Washington Commanders
- Title: Offensive assistant

Personal information
- Born: December 20, 1988 (age 37) Virginia Beach, Virginia, U.S.

Career information
- College: Boston College (2011)

Career history
- Boston College Eagles (2012) Recruiting graduate assistant (2012); Offensive graduate assistant (2013–2014); ; Maine Black Bears (2015–2021) Wide receivers coach (2015); Special teams & wide receivers coach (2016–2017); Offensive coordinator (2018); Head coach (2019–2021); ; UConn Huskies (2022–2023) Offensive coordinator (2022–2023); ; Cleveland Browns (2024–2025) Run game specialist (2024); Pass game specialist (2025); ; Washington Commanders (2026–present) Offensive assistant (2026–present); ;

Head coaching record
- Career: 14–13

= Nick Charlton =

American football coach (born 1988)

Nick Charlton (born December 20, 1988) is an American professional football coach who is an offensive assistant for the Washington Commanders of the National Football League (NFL). Charlton previously served as the head coach of the Maine Black Bears college football team from 2019 to 2021.

==Career==
Charlton grew up in Salem, Massachusetts.

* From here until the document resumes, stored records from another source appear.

(* Let $U$ be the distillation gadget on a complete $B$-ary tree of depth $D$. For every qubit (node) $i$ of the tree, $|\mathrm{supp}(U(Z_i\otimes\mathbb I)U^\dagger)|\le D$; that is, the locality of the parent Hamiltonian of the distillation circuit is at most $D$.
   Context: Layers of the tree are $L_1$ (leaves), $L_2,\dots,L_D$ (root); $N_u$ denotes the children of node $u$; each node is a qubit. The distillation gadget $U$: for $i=2,3,\dots,D$ in this order, for each parent $u\in L_i$ and each child $c\in N_u$, apply $\mathsf{CNOT}$ with control $u$ and target $c$. The parent Hamiltonian of $U$ is $\sum_iUZ_iU^\dagger$. *)

theory Defs
  imports Complex_Main
begin

(* The root is [], the children of u are u @ [j] (j < B).
   A node of length k lies in layer L_(D-k); leaves (length D-1) form L_1, the root forms L_D. *)
definition tree_nodes :: "nat \<Rightarrow> nat \<Rightarrow> nat list set" where
  "tree_nodes B D = {xs. length xs < D \<and> set xs \<subseteq> {..<B}}"

definition layer :: "nat \<Rightarrow> nat \<Rightarrow> nat \<Rightarrow> nat list list" where
  "layer B D i = List.n_lists (D - i) [0..<B]"

definition children :: "nat \<Rightarrow> nat list \<Rightarrow> nat list list" where
  "children B u = map (\<lambda>j. u @ [j]) [0..<B]"

(* computational basis states of the qubits V: bit assignments vanishing outside V *)
definition states :: "'q set \<Rightarrow> ('q \<Rightarrow> bool) set" where
  "states V = {x. \<forall>v. v \<notin> V \<longrightarrow> \<not> x v}"

(* operators on the qubits V, given by their matrix entries <x|A|y> in the computational basis *)
type_synonym 'q op = "('q \<Rightarrow> bool) \<Rightarrow> ('q \<Rightarrow> bool) \<Rightarrow> complex"

definition op_mult :: "'q set \<Rightarrow> 'q op \<Rightarrow> 'q op \<Rightarrow> 'q op" where
  "op_mult V A C = (\<lambda>x y. \<Sum>z\<in>states V. A x z * C z y)"

definition op_id :: "'q op" where
  "op_id = (\<lambda>x y. if x = y then 1 else 0)"

definition op_adj :: "'q op \<Rightarrow> 'q op" where
  "op_adj A = (\<lambda>x y. cnj (A y x))"

definition pauliZ :: "'q \<Rightarrow> 'q op" where
  "pauliZ i = (\<lambda>x y. if x = y then (if x i then -1 else 1) else 0)"

definition cnot :: "'q \<Rightarrow> 'q \<Rightarrow> 'q op" where
  "cnot u c = (\<lambda>x y. if x = y(c := (y c \<noteq> y u)) then 1 else 0)"

(* circuit of gates listed in time order: U = g_k \<cdots> g_1 *)
definition circuit :: "'q set \<Rightarrow> 'q op list \<Rightarrow> 'q op" where
  "circuit V gs = foldl (\<lambda>acc g. op_mult V g acc) op_id gs"

definition distill_gates :: "nat \<Rightarrow> nat \<Rightarrow> nat list op list" where
  "distill_gates B D =
     concat (map (\<lambda>i. concat (map (\<lambda>u. map (\<lambda>c. cnot u c) (children B u)) (layer B D i))) [2..<D+1])"

definition distill_U :: "nat \<Rightarrow> nat \<Rightarrow> nat list op" where
  "distill_U B D = circuit (tree_nodes B D) (distill_gates B D)"

(* A acts as the identity on qubit i, i.e. A = A' \<otimes> I_i *)
definition acts_trivially_on :: "'q set \<Rightarrow> 'q op \<Rightarrow> 'q \<Rightarrow> bool" where
  "acts_trivially_on V A i \<longleftrightarrow>
     (\<forall>x\<in>states V. \<forall>y\<in>states V.
        (x i \<noteq> y i \<longrightarrow> A x y = 0) \<and> A (x(i := \<not> x i)) (y(i := \<not> y i)) = A x y)"

definition supp :: "'q set \<Rightarrow> 'q op \<Rightarrow> 'q set" where
  "supp V A = {i \<in> V. \<not> acts_trivially_on V A i}"

end

theory Submission
  imports Defs "HOL-Library.Sublist"
begin

text \<open>
  The gadget consists of CNOTs only, so on computational basis states it is the permutation
  operator of a reversible classical map \<open>F\<close>. Conjugating the diagonal operator \<open>Z\<^sub>i\<close> by it
  gives the diagonal operator with entries \<open>(-1)^(F\<^sup>-\<^sup>1 x)\<^sub>i\<close>. Undoing a CNOT changes only
  the target bit, and each gate's control is the parent of its target, so bit \<open>i\<close> of
  \<open>F\<^sup>-\<^sup>1 x\<close> depends only on the bits of \<open>x\<close> at the ancestors of \<open>i\<close> (including \<open>i\<close>).
  Hence the support lies on the path from the root to \<open>i\<close>, which has at most \<open>D\<close> nodes.
\<close>

definition perm_op :: "(('q \<Rightarrow> bool) \<Rightarrow> 'q \<Rightarrow> bool) \<Rightarrow> 'q op" where
  "perm_op f = (\<lambda>x y. if x = f y then 1 else 0)"

definition diag_op :: "(('q \<Rightarrow> bool) \<Rightarrow> complex) \<Rightarrow> 'q op" where
  "diag_op d = (\<lambda>x y. if x = y then d x else 0)"

definition cnot_flip :: "'q \<Rightarrow> 'q \<Rightarrow> ('q \<Rightarrow> bool) \<Rightarrow> ('q \<Rightarrow> bool)" where
  "cnot_flip u c y = y(c := (y c \<noteq> y u))"

lemma cnot_eq_perm_op: "cnot u c = perm_op (cnot_flip u c)"
  unfolding cnot_def perm_op_def cnot_flip_def by simp

lemma pauliZ_eq_diag_op: "pauliZ i = diag_op (\<lambda>x. if x i then -1 else 1)"
  unfolding pauliZ_def diag_op_def by (simp add: fun_eq_iff)

lemma cnot_flip_involution: "u \<noteq> c \<Longrightarrow> cnot_flip u c (cnot_flip u c y) = y"
  unfolding cnot_flip_def by (auto simp: fun_eq_iff)

lemma cnot_flip_states: "c \<in> V \<Longrightarrow> y \<in> states V \<Longrightarrow> cnot_flip u c y \<in> states V"
  unfolding cnot_flip_def states_def by auto

lemma finite_states: "finite V \<Longrightarrow> finite (states V)"
proof -
  assume "finite V"
  have "states V \<subseteq> (\<lambda>A v. v \<in> A) ` Pow V"
  proof
    fix x assume "x \<in> states V"
    then have "x = (\<lambda>v. v \<in> {v. x v})" "{v. x v} \<in> Pow V"
      unfolding states_def by auto
    then show "x \<in> (\<lambda>A v. v \<in> A) ` Pow V" by blast
  qed
  then show ?thesis using \<open>finite V\<close> finite_subset by blast
qed

text \<open>Gates are (control, target) pairs; the head of the list is applied first.\<close>

fun cnot_seq :: "('q \<times> 'q) list \<Rightarrow> ('q \<Rightarrow> bool) \<Rightarrow> ('q \<Rightarrow> bool)" where
  "cnot_seq [] = id"
| "cnot_seq ((u, c) # P) = cnot_seq P \<circ> cnot_flip u c"

fun cnot_seq_inv :: "('q \<times> 'q) list \<Rightarrow> ('q \<Rightarrow> bool) \<Rightarrow> ('q \<Rightarrow> bool)" where
  "cnot_seq_inv [] = id"
| "cnot_seq_inv ((u, c) # P) = cnot_flip u c \<circ> cnot_seq_inv P"

lemma cnot_seq_inverse:
  assumes "\<forall>(u, c) \<in> set P. u \<noteq> c"
  shows "cnot_seq P (cnot_seq_inv P x) = x" "cnot_seq_inv P (cnot_seq P x) = x"
  using assms by (induction P arbitrary: x) (auto simp: cnot_flip_involution)

lemma cnot_seq_inv_states:
  "\<forall>(u, c) \<in> set P. c \<in> V \<Longrightarrow> y \<in> states V \<Longrightarrow> cnot_seq_inv P y \<in> states V"
  by (induction P arbitrary: y) (auto simp: cnot_flip_states)

lemma cnot_seq_inv_local:
  assumes "\<forall>(u, c) \<in> set P. c \<in> Q \<longrightarrow> u \<in> Q"
    and "\<forall>q \<in> Q. x q = x' q"
  shows "\<forall>q \<in> Q. cnot_seq_inv P x q = cnot_seq_inv P x' q"
  using assms
proof (induction P)
  case Nil
  then show ?case by simp
next
  case (Cons g P)
  obtain u c where g: "g = (u, c)" by (cases g)
  have "\<forall>q \<in> Q. cnot_seq_inv P x q = cnot_seq_inv P x' q"
    using Cons by auto
  then show ?case using Cons.prems g by (auto simp: cnot_flip_def)
qed

lemma op_mult_perm_op:
  assumes "finite V" "y \<in> states V" "f y \<in> states V"
    and A: "\<forall>z \<in> states V. A z y = perm_op f z y"
  shows "op_mult V (perm_op g) A x y = perm_op (g \<circ> f) x y"
proof -
  have "op_mult V (perm_op g) A x y = (\<Sum>z\<in>states V. if z = f y then perm_op g x z else 0)"
    unfolding op_mult_def using A by (intro sum.cong) (auto simp: perm_op_def)
  also have "\<dots> = perm_op g x (f y)"
    using assms(3) finite_states[OF assms(1)] by simp
  finally show ?thesis by (simp add: perm_op_def)
qed

lemma foldl_cnots_perm_op:
  assumes "finite V" "\<forall>(u, c) \<in> set P. c \<in> V"
    and "\<forall>x \<in> states V. \<forall>y \<in> states V. A x y = perm_op f x y"
    and "\<forall>y \<in> states V. f y \<in> states V"
  shows "\<forall>x \<in> states V. \<forall>y \<in> states V.
           foldl (\<lambda>acc g. op_mult V g acc) A (map (\<lambda>(u, c). cnot u c) P) x y
           = perm_op (cnot_seq P \<circ> f) x y"
  using assms(2-)
proof (induction P arbitrary: A f)
  case Nil
  then show ?case by simp
next
  case (Cons g P)
  obtain u c where g: "g = (u, c)" by (cases g)
  have c: "c \<in> V" using Cons.prems g by auto
  have "\<forall>x \<in> states V. \<forall>y \<in> states V.
          op_mult V (cnot u c) A x y = perm_op (cnot_flip u c \<circ> f) x y"
    unfolding cnot_eq_perm_op using op_mult_perm_op[OF assms(1)] Cons.prems by blast
  moreover have "\<forall>y \<in> states V. (cnot_flip u c \<circ> f) y \<in> states V"
    using Cons.prems(3) c by (simp add: cnot_flip_states)
  moreover have "\<forall>(u, c) \<in> set P. c \<in> V" using Cons.prems(1) by simp
  ultimately have "\<forall>x \<in> states V. \<forall>y \<in> states V.
      foldl (\<lambda>acc g. op_mult V g acc) (op_mult V (cnot u c) A) (map (\<lambda>(u, c). cnot u c) P) x y
      = perm_op (cnot_seq P \<circ> (cnot_flip u c \<circ> f)) x y"
    using Cons.IH by blast
  then show ?case using g by (simp add: comp_def)
qed

lemma circuit_cnots_perm_op:
  assumes "finite V" "\<forall>(u, c) \<in> set P. c \<in> V" "x \<in> states V" "y \<in> states V"
  shows "circuit V (map (\<lambda>(u, c). cnot u c) P) x y = perm_op (cnot_seq P) x y"
proof -
  have "\<forall>x \<in> states V. \<forall>y \<in> states V. op_id x y = perm_op id x y"
    by (simp add: op_id_def perm_op_def)
  from foldl_cnots_perm_op[OF assms(1,2) this] assms(3,4) show ?thesis
    unfolding circuit_def by simp
qed

lemma perm_op_conj_diag_op:
  assumes "finite V"
    and U: "\<forall>x \<in> states V. \<forall>y \<in> states V. U x y = perm_op f x y"
    and inverse: "\<And>x. f (g x) = x" "\<And>x. g (f x) = x"
    and g_states: "\<And>x. x \<in> states V \<Longrightarrow> g x \<in> states V"
    and x: "x \<in> states V" and y: "y \<in> states V"
  shows "op_mult V (op_mult V U (diag_op d)) (op_adj U) x y = diag_op (d \<circ> g) x y"
proof -
  have U_inv: "U z w = (if w = g z then 1 else 0)" if "z \<in> states V" "w \<in> states V" for z w
    using U that inverse unfolding perm_op_def by metis
  have g_inj: "a = b" if "g a = g b" for a b
    using that inverse(1) by metis
  have UD: "op_mult V U (diag_op d) x w = U x w * d w" if "w \<in> states V" for w
  proof -
    have "op_mult V U (diag_op d) x w = (\<Sum>z\<in>states V. if z = w then U x w * d w else 0)"
      unfolding op_mult_def diag_op_def by (intro sum.cong) auto
    then show ?thesis using that finite_states[OF assms(1)] by simp
  qed
  have "op_mult V (op_mult V U (diag_op d)) (op_adj U) x y
        = (\<Sum>w\<in>states V. if w = g x then (if x = y then d w else 0) else 0)"
    unfolding op_mult_def[of V "op_mult V U (diag_op d)"] op_adj_def
    using UD U_inv x y g_inj by (intro sum.cong) auto
  also have "\<dots> = diag_op (d \<circ> g) x y"
    using finite_states[OF assms(1)] g_states x by (simp add: diag_op_def)
  finally show ?thesis .
qed

lemma supp_diag_op_subset:
  assumes M: "\<And>x y. x \<in> states V \<Longrightarrow> y \<in> states V \<Longrightarrow> M x y = diag_op d x y"
    and d_local: "\<And>x x'. \<forall>q \<in> Q. x q = x' q \<Longrightarrow> d x = d x'"
  shows "supp V M \<subseteq> Q"
proof
  fix j assume "j \<in> supp V M"
  then have j: "j \<in> V" "\<not> acts_trivially_on V M j" unfolding supp_def by auto
  show "j \<in> Q"
  proof (rule ccontr)
    assume "j \<notin> Q"
    have "acts_trivially_on V M j"
      unfolding acts_trivially_on_def
    proof (intro ballI conjI impI)
      fix x y assume x: "x \<in> states V" and y: "y \<in> states V"
      show "x j \<noteq> y j \<Longrightarrow> M x y = 0" using M x y by (auto simp: diag_op_def)
      have "x(j := \<not> x j) \<in> states V" "y(j := \<not> y j) \<in> states V"
        using x y j unfolding states_def by auto
      moreover have "d (x(j := \<not> x j)) = d x"
        using d_local \<open>j \<notin> Q\<close> by (metis fun_upd_other)
      moreover have "x(j := \<not> x j) = y(j := \<not> y j) \<longleftrightarrow> x = y"
        by (auto simp: fun_eq_iff)
      ultimately show "M (x(j := \<not> x j)) (y(j := \<not> y j)) = M x y"
        using M x y by (cases "x = y") (simp_all add: diag_op_def)
    qed
    then show False using j by simp
  qed
qed

definition distill_pairs :: "nat \<Rightarrow> nat \<Rightarrow> (nat list \<times> nat list) list" where
  "distill_pairs B D =
     concat (map (\<lambda>i. concat (map (\<lambda>u. map (\<lambda>c. (u, c)) (children B u)) (layer B D i))) [2..<D+1])"

lemma distill_gates_eq: "distill_gates B D = map (\<lambda>(u, c). cnot u c) (distill_pairs B D)"
  unfolding distill_gates_def distill_pairs_def by (simp add: map_concat o_def)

He earned a B.A. in philosophy from Boston College in 2011 and a M.A. from Boston College's Woods College of Advancing Studies in 2013. During his lone season as Maine's offensive coordinator, the team went to the semifinals of the NCAA FCS Playoffs, the farthest Maine has advanced in team history. Charlton succeeded Joe Harasymiak, who left for an assistant coaching position at the University of Minnesota. Charlton was hired two days after his 30th birthday. Following the 2021 season, it was announced that Charlton would leave Maine to become the offensive coordinator on Jim L. Mora's inaugural staff at UConn.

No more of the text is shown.